EDUARDO CRESPO – O vereador Eduardo Crespo (PR) também considera necessária não apenas a fiscalização dos gastos com a pandemia, como também outras sob suspeita na Saúde e outras áreas na atual administração municipal.
“Temos que colocar, sim, para votar este como também o pedido de abertura da CPI na Saúde e o da merenda superfaturada neste governo. É preciso investigar também a entrega de receitas azuis de remédios só para alguns em ano de eleição, assim como o tráfico de influência na Educação para se conseguir uma vaga para seu filho numa creche. É preciso também saber porque as escolas municipais não fizeram a última prova do Ideb, assim como o não pagamento dos salários em dia”, enumerou. “A população também exige transparência sobre os gastos na contratação de pessoal na prefeitura”, completou.
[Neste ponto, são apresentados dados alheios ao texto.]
lemma pos_def_eigenvalues_pos:
  assumes U: "unitary m U"
    and D: "feq m (mat_mult m (conj_form U) (mat_mult m A U)) (diagonal (\<lambda>i. complex_of_real (d i)))"
    and "pos_def m A" and "i < m"
  shows "0 < d i"
proof -
  define x where "x = (\<lambda>p. cnj (U p i))"
  have "quad_form m A x = mat_mult m (conj_form U) (mat_mult m A U) i i"
    unfolding quad_form_def mat_mult_def conj_form_def x_def by (simp add: sum_distrib_left mult.assoc)
  also have "\<dots> = complex_of_real (d i)"
    using D \<open>i < m\<close> unfolding feq_def diagonal_def by simp
  finally have q: "quad_form m A x = complex_of_real (d i)" .
  have "\<exists>p<m. x p \<noteq> 0"
  proof (rule ccontr)
    assume "\<not> ?thesis"
    then have "mat_mult m (conj_form U) U i i = 0"
      unfolding mat_mult_def conj_form_def x_def by simp
    moreover have "mat_mult m (conj_form U) U i i = 1"
      using U \<open>i < m\<close> unfolding unitary_def feq_def id_mat_def by simp
    ultimately show False by simp
  qed
  then have "0 < Re (quad_form m A x)"
    using \<open>pos_def m A\<close> unfolding pos_def_def by blast
  then show ?thesis
    using q by simp
qed

section \<open>Primitive forms\<close>

lemma permutes_eq_if_eq_off_0:
  assumes s: "\<sigma> permutes {..<n}" and t: "\<tau> permutes {..<n}"
    and eq: "\<And>j. j < n \<Longrightarrow> j \<noteq> 0 \<Longrightarrow> \<sigma> j = \<tau> j"
  shows "\<sigma> = \<tau>"
proof (rule ext)
  fix x
  show "\<sigma> x = \<tau> x"
  proof (cases "x < n \<and> x = 0")
    case False
    then show ?thesis
      using eq s t by (metis lessThan_iff permutes_not_in)
  next
    case True
    then obtain y where y: "y < n" "\<sigma> y = \<tau> 0"
      using permutes_in_image[OF t, of 0] permutes_image[OF s] by (metis imageE lessThan_iff)
    have "y = 0"
    proof (rule ccontr)
      assume "y \<noteq> 0"
      then have "\<tau> y = \<tau> 0" using eq y by metis
      with \<open>y \<noteq> 0\<close> show False
        using permutes_inj[OF t] by (simp add: inj_eq)
    qed
    with True y show ?thesis by simp
  qed
qed

lemma card_permutes_with_value_at_0:
  fixes a n :: nat
  assumes "a < n"
  shows "card {\<sigma>. \<sigma> permutes {..<n} \<and> \<sigma> 0 = a} = card {\<sigma>. \<sigma> permutes {..<n} \<and> \<sigma> 0 = 0}"
proof -
  let ?f = "\<lambda>\<sigma>. Transposition.transpose 0 a \<circ> \<sigma>"
  have swap: "?f \<sigma> permutes {..<n}" if "\<sigma> permutes {..<n}" for \<sigma>
    by (rule permutes_compose[OF that permutes_swap_id]) (use assms in auto)
  have "bij_betw ?f {\<sigma>. \<sigma> permutes {..<n} \<and> \<sigma> 0 = 0} {\<sigma>. \<sigma> permutes {..<n} \<and> \<sigma> 0 = a}"
  proof (rule bij_betw_byWitness[where f' = ?f])
    have "\<And>\<sigma>. ?f (?f \<sigma>) = \<sigma>"
      by (simp add: fun_eq_iff)
    then show "\<forall>\<sigma>\<in>{\<sigma>. \<sigma> permutes {..<n} \<and> \<sigma> 0 = 0}. ?f (?f \<sigma>) = \<sigma>"
      and "\<forall>\<sigma>\<in>{\<sigma>. \<sigma> permutes {..<n} \<and> \<sigma> 0 = a}. ?f (?f \<sigma>) = \<sigma>"
      by blast+
    show "?f ` {\<sigma>. \<sigma> permutes {..<n} \<and> \<sigma> 0 = 0} \<subseteq> {\<sigma>. \<sigma> permutes {..<n} \<and> \<sigma> 0 = a}"
      using swap by auto
    show "?f ` {\<sigma>. \<sigma> permutes {..<n} \<and> \<sigma> 0 = a} \<subseteq> {\<sigma>. \<sigma> permutes {..<n} \<and> \<sigma> 0 = 0}"
      using swap by auto
  qed
  then show ?thesis
    by (simp add: bij_betw_same_card)
qed

lemma sum_permutes_value_at_0:
  fixes f :: "nat \<Rightarrow> 'a::comm_semiring_1"
  assumes "n \<ge> 1"
  shows "(\<Sum>\<sigma>\<in>{\<sigma>. \<sigma> permutes {..<n}}. f (\<sigma> 0))
    = of_nat (card {\<sigma>. \<sigma> permutes {..<n} \<and> \<sigma> 0 = 0}) * (\<Sum>a<n. f a)"
proof -
  let ?P = "{\<sigma>. \<sigma> permutes {..<n}}"
  let ?c = "card {\<sigma>. \<sigma> permutes {..<n} \<and> \<sigma> 0 = 0}"
  have "(\<Sum>\<sigma>\<in>?P. f (\<sigma> 0)) = (\<Sum>\<sigma>\<in>?P. \<Sum>a<n. if \<sigma> 0 = a then f a else 0)"
  proof (intro sum.cong refl)
    fix \<sigma> assume "\<sigma> \<in> ?P"
    then have "\<sigma> 0 < n"
      using assms permutes_in_image[of \<sigma> "{..<n}" 0] by simp
    then show "f (\<sigma> 0) = (\<Sum>a<n. if \<sigma> 0 = a then f a else 0)"
      by simp
  qed
  also have "\<dots> = (\<Sum>a<n. \<Sum>\<sigma>\<in>?P. if \<sigma> 0 = a then f a else 0)"
    by (rule sum.swap)
  also have "\<dots> = (\<Sum>a<n. of_nat ?c * f a)"
  proof (intro sum.cong refl)
    fix a assume "a \<in> {..<n}"
    have "(\<Sum>\<sigma>\<in>?P. if \<sigma> 0 = a then f a else 0) = (\<Sum>\<sigma>\<in>{\<sigma>\<in>?P. \<sigma> 0 = a}. f a)"
      by (rule sum.inter_filter[symmetric]) (simp add: finite_permutations)
    also have "{\<sigma>\<in>?P. \<sigma> 0 = a} = {\<sigma>. \<sigma> permutes {..<n} \<and> \<sigma> 0 = a}"
      by auto
    finally show "(\<Sum>\<sigma>\<in>?P. if \<sigma> 0 = a then f a else 0) = of_nat ?c * f a"
      using card_permutes_with_value_at_0[of a n] \<open>a \<in> {..<n}\<close> by simp
  qed
  finally show ?thesis
    by (simp add: sum_distrib_left)
qed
CÂMARA – Com os aumentos de casos de Covid-19, a Câmara passou a realizar sessões virtuais. Até agora os vereadores se reuniram virtualmente apenas duas vezes. O próprio Igor disse que foi instalado na Câmara uma “lei da mordaça” com as restrições aos demais vereadores neste período de pandemia. “Os vereadores da situação aprovaram uma resolução que me impede de pronunciar livremente sobre temas urgentes, além de apresentar requerimentos para que representantes do governo municipal prestes contas à população”.
GASTOS SOB SUSPEITA – Em Carapebus, uma operação da Polícia Militar cumpriu mandados de busca e apreensão após indícios de fraudes em dispensas de licitação para a aquisição de medicamentos, equipamentos de proteção individual (EPIs), testes rápidos para detecção da Covid-19, locação de equipamentos e insumos hospitalares e contratação de empresa para montagem de hospital de campanha.
Os indícios de superfaturamento de gastos no combate à pandemia atingem também o Rio de Janeiro, onde o governador Wilson Witzel (PSC) prometeu e não conseguiu entregar hospitais de campanha suspeitas de fraudes nos custos. A gravidade das denúncias e a fragilidade politica de Witzel levaram a Assembléia Legislativa (Alerj) a abrir um processo de afastamento do governador.
As denúncias de irregularidades no combate à pandemia atingem o Estado do Pará, onde a Polícia Federal cumpriu mandados no Palácio do Governo e na residência do governador Helder Barbalho. No Ceará há também investigações sobre suspeitas na compra de respiradores e insumos.